Through a lot of “work,” meditation and a shift in her thinking, Pittman came to the conclusion that she wanted to be of greater service to audiences through her acting. She decided to dig deep and to “hand herself over to the collaborative process as an artist” and this is when doors opened up and things began to happen. Realizing her gift as an actress and treating it as a gift has led to many opportunities and Pittman is acutely aware of this factor.
“Once you start to get more fully connected to the life that you want, the stuff that you really desire, then what you need will keep manifesting itself,” she offers.
Pittman prepares for life in the same way that she prepares for her film, television and stage roles –paying careful attention to the details that make up who she is and aspires to be.
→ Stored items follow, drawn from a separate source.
lemma occurrenceI:
  assumes "\<And>i. i < length p \<Longrightarrow> g i \<in> {1..n}"
    and "\<And>i j. i < j \<Longrightarrow> j < length p \<Longrightarrow> strict_anc f (g i) (g j)"
    and "\<And>i j. i < j \<Longrightarrow> j < length p \<Longrightarrow> concordant (p ! i) (p ! j) (lam (g i)) (lam (g j))"
  shows "occurrence n f lam p g"
  unfolding occurrence_def
proof (intro conjI allI impI)
  fix i j assume ij: "i < length p" "j < length p"
  consider "i < j" | "i = j" | "j < i" by arith
  then show "lam (g i) < lam (g j) \<longleftrightarrow> p ! i < p ! j"
  proof cases
    case 1
    then show ?thesis using assms(3)[OF 1 ij(2)] by (auto simp: concordant_def)
  next
    case 3
    then show ?thesis using assms(3)[OF 3 ij(1)] by (auto simp: concordant_def)
  qed simp
qed (use assms in auto)

lemma occurrence_concordant:
  assumes "occurrence n f lam p g" "i < length p" "j < length p" "lam (g i) \<noteq> lam (g j)"
  shows "concordant (p ! i) (p ! j) (lam (g i)) (lam (g j))"
  using occurrence_less_iff[OF assms(1,2,3)] occurrence_less_iff[OF assms(1,3,2)] assms(4)
  unfolding concordant_def by auto

lemma occurrence_relabel_iff:
  assumes "\<And>i j. i < j \<Longrightarrow> j < length p \<Longrightarrow> strict_anc f (g i) (g j) \<Longrightarrow>
    (lam (g i) < lam (g j) \<longleftrightarrow> lam' (g i) < lam' (g j)) \<and>
    (lam (g j) < lam (g i) \<longleftrightarrow> lam' (g j) < lam' (g i))"
  shows "occurrence n f lam p g \<longleftrightarrow> occurrence n f lam' p g"
proof -
  have same_order: "lam (g i) < lam (g j) \<longleftrightarrow> lam' (g i) < lam' (g j)"
    if chain: "\<forall>i j. i < j \<longrightarrow> j < length p \<longrightarrow> strict_anc f (g i) (g j)"
      and "i < length p" "j < length p" for i j
  proof -
    consider "i < j" | "i = j" | "j < i"
      by arith
    then show ?thesis
      by cases (use assms chain that in auto)
  qed
  show ?thesis
    unfolding occurrence_def using same_order by blast
qed

lemma occurrence_append_prefix:
  assumes "occurrence n f lam (p @ q) g"
  shows "occurrence n f lam p g"
  using assms unfolding occurrence_def by (auto simp: nth_append)

definition avoids_213 :: "(nat \<Rightarrow> nat) \<Rightarrow> (nat \<Rightarrow> nat) \<Rightarrow> bool" where
  "avoids_213 f lam \<longleftrightarrow>
    (\<forall>u v w. strict_anc f u v \<longrightarrow> strict_anc f v w \<longrightarrow> \<not> (lam v < lam u \<and> lam u < lam w))"

lemma contains_213_iff:
  assumes "forest n f"
  shows "contains n f [2,1,3] \<longleftrightarrow> \<not> avoids_213 f id"
proof
  assume "contains n f [2,1,3]"
  then obtain g where "occurrence n f id [2,1,3] g"
    using contains_iff_occurrence by blast
  then have "strict_anc f (g 0) (g 1)" "strict_anc f (g 1) (g 2)" "g 1 < g 0" "g 0 < g 2"
    unfolding occurrence_def by auto
  then show "\<not> avoids_213 f id"
    unfolding avoids_213_def by auto
next
  assume "\<not> avoids_213 f id"
  then obtain u v w where uvw: "strict_anc f u v" "strict_anc f v w" "v < u" "u < w"
    unfolding avoids_213_def by auto
  have "occurrence n f id [2,1,3] ((!) [u, v, w])"
    unfolding occurrence_def
    using uvw strict_anc_in_vertices[OF assms uvw(1)] strict_anc_in_vertices[OF assms uvw(2)]
      strict_anc_trans[OF uvw(1,2)]
    by (auto simp: less_Suc_eq)
  then show "contains n f [2,1,3]"
    using contains_iff_occurrence by blast
qed
lemma measure_empty_half_disc_event_le:
  assumes ij: "i < n" "j < n" "i \<noteq> j" and d: "0 \<le> d" "d \<le> 1/2"
  shows "measure (rgg_space n) (empty_half_disc_event n d i j \<sigma>) \<le> (1 - pi * d\<^sup>2 / 8) ^ (n - 2)"
proof -
  interpret T: prob_space torus_unif
    by (rule prob_space_torus_unif)
  have "pi * d\<^sup>2 / 8 \<le> T.prob (edge_half_disc d \<sigma> u v)" if "u \<in> {0..1} \<times> {0..1}" for u v
  proof -
    have "emeasure torus_unif (edge_half_disc d \<sigma> u v) = emeasure lborel (edge_half_disc d \<sigma> u v)"
      using edge_half_disc_subset[of d \<sigma> u v] by (simp add: emeasure_torus_unif Int_absorb1)
    then have "ennreal (pi * d\<^sup>2 / 8) \<le> ennreal (T.prob (edge_half_disc d \<sigma> u v))"
      using emeasure_edge_half_disc_ge[OF that d] by (simp add: T.emeasure_eq_measure)
    then show ?thesis
      by (simp add: ennreal_le_iff)
  qed
  moreover have "pi * d\<^sup>2 / 8 \<le> 1"
    using d by (intro pi_mult_sq_div_8_le_1) auto
  ultimately show ?thesis
    unfolding empty_half_disc_event_def rgg_space_def
    by (intro T.measure_PiM_avoid_le[OF ij pred_in_square_long pred_torus_edge_half_disc]) auto
qed

definition half_discs_hit_event :: "nat \<Rightarrow> real \<Rightarrow> (nat \<Rightarrow> real \<times> real) set" where
  "half_discs_hit_event n d =
     (\<Pi>\<^sub>E k\<in>{..<n}. {0..1} \<times> {0..1}) -
     (\<Union>(i, j, \<sigma>)\<in>{(i, j, \<sigma>). i < n \<and> j < n \<and> i \<noteq> j \<and> \<sigma> \<in> {-1, 1}}. empty_half_disc_event n d i j \<sigma>)"

lemma UN_empty_half_disc_event_sets:
  "(\<Union>(i, j, \<sigma>)\<in>{(i, j, \<sigma>). i < n \<and> j < n \<and> i \<noteq> j \<and> \<sigma> \<in> {-1, 1}}. empty_half_disc_event n d i j \<sigma>)
    \<in> sets (rgg_space n)"
proof -
  have "finite {(i, j, \<sigma>). i < n \<and> j < n \<and> i \<noteq> j \<and> \<sigma> \<in> {-1, 1::real}}"
    by (rule finite_subset[of _ "{..<n} \<times> {..<n} \<times> {-1, 1}"]) auto
  then show ?thesis
    by (intro sets.finite_UN) (auto simp: empty_half_disc_event_sets)
qed

lemma half_discs_hit_event_sets: "half_discs_hit_event n d \<in> sets (rgg_space n)"
proof -
  have "(\<Pi>\<^sub>E k\<in>{..<n}. {0..1} \<times> {0..1}) \<in> sets (rgg_space n)"
    unfolding rgg_space_def using unit_square_borel by (intro sets_PiM_I_finite) auto
  then show ?thesis
    unfolding half_discs_hit_event_def using UN_empty_half_disc_event_sets by (rule sets.Diff)
qed

lemma half_discs_hit_event_subset:
  assumes "d \<le> 1/2"
  shows "half_discs_hit_event n d \<subseteq> {x \<in> space (rgg_space n). \<forall>i<n. \<forall>j<n.
    rgg_edge x r i j \<and> d \<le> tdist (x i) (x j) \<longrightarrow> \<not> free_edge n x r i j}"
proof safe
  fix x
  assume x: "x \<in> half_discs_hit_event n d"
  then show "x \<in> space (rgg_space n)"
    by (auto simp: half_discs_hit_event_def rgg_space_def space_PiM)
  fix i j
  assume ij: "i < n" "j < n" and edge: "rgg_edge x r i j" and long: "d \<le> tdist (x i) (x j)"
    and free: "free_edge n x r i j"
  have "i \<noteq> j" "tdist (x i) (x j) \<le> r" "x i \<in> {0..1} \<times> {0..1}"
    using edge x ij by (auto simp: rgg_edge_def half_discs_hit_event_def)
  with x ij long have hit: "\<exists>k\<in>{..<n} - {i, j}. x k \<in> edge_half_disc d \<sigma> (x i) (x j)"
    if "\<sigma> \<in> {-1, 1}" for \<sigma>
    using that \<open>x \<in> space (rgg_space n)\<close>
    by (fastforce simp: half_discs_hit_event_def empty_half_disc_event_def)
  obtain k l where "k \<in> {..<n} - {i, j}" "x k \<in> edge_half_disc d 1 (x i) (x j)"
    and "l \<in> {..<n} - {i, j}" "x l \<in> edge_half_disc d (-1) (x i) (x j)"
    using hit[of 1] hit[of "-1"] by auto
  with ij long \<open>tdist (x i) (x j) \<le> r\<close> assms free show False
    using not_free_edge_if_half_discs_hit[of i n j k l d x r] by auto
qed
lemma surprisal_mgf_le:
  fixes p :: "'y::finite \<Rightarrow> real"
  assumes p: "is_distribution p" and L: "1 \<le> L" "ln (real (card (UNIV :: 'y set))) \<le> L"
    and s: "\<bar>s\<bar> \<le> 1 / (24 * L)"
  shows "(\<Sum>y\<in>UNIV. p y * exp (s * (surprisal p y - entropy p))) \<le> exp (12 * s\<^sup>2 * L\<^sup>2)"
proof -
  define d where "d = real (card (UNIV :: 'y set))"
  define h where "h = entropy p"
  have d1: "1 \<le> d" unfolding d_def by (simp add: Suc_le_eq card_gt_0_iff)
  have h: "0 \<le> h" "h \<le> ln d"
    using entropy_nonneg[OF p] entropy_le_ln_card[OF p] unfolding h_def d_def by auto
  have pointwise: "p y * exp (s * (surprisal p y - h))
      \<le> p y * (1 + s * (surprisal p y - h)) + s\<^sup>2 / 2 * (8 * p y * L\<^sup>2 + 5 / d)" for y
  proof (cases "p y = 0")
    case True
    then show ?thesis using d1 by simp
  next
    case False
    then show ?thesis
      using mult_exp_deviation_le[OF is_distribution_pos[OF p False] is_distribution_le_1[OF p] h d1 _ L(1) s] L(2)
      unfolding surprisal_def d_def by simp
  qed
  have "(\<Sum>y\<in>UNIV. p y * exp (s * (surprisal p y - h)))
      \<le> (\<Sum>y\<in>UNIV. p y * (1 + s * (surprisal p y - h)) + s\<^sup>2 / 2 * (8 * p y * L\<^sup>2 + 5 / d))"
    by (intro sum_mono pointwise)
  also have "\<dots> = (\<Sum>y\<in>UNIV. p y) + s * ((\<Sum>y\<in>UNIV. p y * surprisal p y) - h * (\<Sum>y\<in>UNIV. p y))
      + s\<^sup>2 / 2 * (8 * (\<Sum>y\<in>UNIV. p y) * L\<^sup>2 + real (card (UNIV :: 'y set)) * (5 / d))"
    by (simp add: sum.distrib sum_distrib_left sum_distrib_right sum_subtractf algebra_simps)
  also have "\<dots> = 1 + s\<^sup>2 / 2 * (8 * L\<^sup>2 + 5)"
    using p d1 unfolding is_distribution_def h_def entropy_def d_def by simp
  also have "\<dots> \<le> 1 + 12 * s\<^sup>2 * L\<^sup>2"
  proof -
    have "1 \<le> L\<^sup>2" using L by (simp add: one_le_power)
    then have "s\<^sup>2 / 2 * (8 * L\<^sup>2 + 5) \<le> s\<^sup>2 / 2 * (24 * L\<^sup>2)"
      by (intro mult_left_mono) auto
    then show ?thesis by (simp add: ac_simps)
  qed
  also have "\<dots> \<le> exp (12 * s\<^sup>2 * L\<^sup>2)" by (rule exp_ge_add_one_self)
  finally show ?thesis unfolding h_def .
qed

section \<open>Product channels\<close>

lemma channel_is_distribution: "channel W \<Longrightarrow> is_distribution (W x)"
  unfolding channel_def is_distribution_def by auto

lemma finite_words: "finite (words n)"
  unfolding words_def by (simp add: finite_PiE)

lemma Wn_nonneg: "channel W \<Longrightarrow> Wn W n x ys \<ge> 0"
  unfolding channel_def Wn_def by (simp add: prod_nonneg)

lemma sum_Wn_mult_prod:
  "(\<Sum>ys\<in>words n. Wn W n x ys * (\<Prod>i<n. f i (ys i))) = (\<Prod>i<n. \<Sum>y\<in>UNIV. W (x i) y * f i y)"
proof -
  have "(\<Prod>i<n. \<Sum>y\<in>UNIV. W (x i) y * f i y) = (\<Sum>g\<in>words n. \<Prod>i<n. W (x i) (g i) * f i (g i))"
    unfolding words_def by (rule prod_sum_PiE) auto
  then show ?thesis unfolding Wn_def by (simp add: prod.distrib)
qed

lemma sum_Wn_eq_1: "channel W \<Longrightarrow> (\<Sum>ys\<in>words n. Wn W n x ys) = 1"
  using sum_Wn_mult_prod[of W n x "\<lambda>_ _. 1"] unfolding channel_def by simp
“For me, it’s just getting a cup of coffee, taking quiet time, working out, picking up my kids, seeing them, looking in their faces – just that thing where you are fully present in your life every single day, every moment for yourself. It’s a real challenge,” says the triple threat. “It’s the eating right, doing the stuff that you have to do in order to be connected. Oddly, once you put it out in the universe that you’re ready for whatever the world will bring and you start accepting it, you can’t stop it when it starts.”
Pittman is definitely an actress whose rising star has started and can’t be stopped.
Disgraced runs at the Lyceum Theatre in New York City through March 1.